§ **TASK PROMPT**:
The only acceptable reply is the number of lines in the material below that hold "snoc".

Content starts

lemma satisfies_imp_remdups_eq:
  assumes n: "2 \<le> n" and "satisfies P n (u, v)"
  shows "remdups u = remdups v"
  using assms(2)
proof (induction "length u" arbitrary: u v rule: less_induct)
  case less
  have mset: "mset u = mset v" using satisfies_imp_mset_eq[OF n less.prems] .
  show ?case
  proof (cases u rule: rev_exhaust)
    case Nil
    then show ?thesis using mset by simp
  next
    case (snoc u' x)
    let ?two_letters = "\<lambda>z. if z = x then 1 else 2 :: nat"
    have "v \<noteq> []" using mset snoc by auto
    have "P (map ?two_letters u) = P (map ?two_letters v)"
      using satisfies_map[OF less.prems] one_two_in_alph[OF n] by simp
    then have "last (map ?two_letters u) = last (map ?two_letters v)"
      by (rule last_eq[rotated 2]) (use snoc \<open>v \<noteq> []\<close> in simp_all)
    then have "?two_letters (last v) = 1"
      using snoc \<open>v \<noteq> []\<close> by (simp add: last_map)
    then have "last v = x" by (simp split: if_splits)
    then obtain v' where v: "v = v' @ [x]"
      using \<open>v \<noteq> []\<close> append_butlast_last_id by metis
    let ?drop = "filter (\<lambda>z. z \<noteq> x)"
    have "length (?drop u) < length u" using snoc by (simp add: le_imp_less_Suc)
    then have "remdups (?drop u) = remdups (?drop v)"
      using less.hyps satisfies_filter[OF less.prems] by blast
    then show ?thesis using snoc v by (simp add: remdups_snoc)
  qed
qed

lemma satisfies_iff_last_occ_equiv:
  assumes "2 \<le> n"
  shows "satisfies P n uv \<longleftrightarrow> last_occ_equiv (fst uv) (snd uv)"
proof
  assume "satisfies P n uv"
  then show "last_occ_equiv (fst uv) (snd uv)"
    using satisfies_imp_mset_eq[OF assms] satisfies_imp_remdups_eq[OF assms]
    by (simp add: last_occ_equiv_def)
next
  assume "last_occ_equiv (fst uv) (snd uv)"
  then show "satisfies P n uv"
    unfolding satisfies_def by (auto intro: eq_if_last_occ_equiv last_occ_equiv_subst)
qed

Content ends

§ **RESPONSE**:
6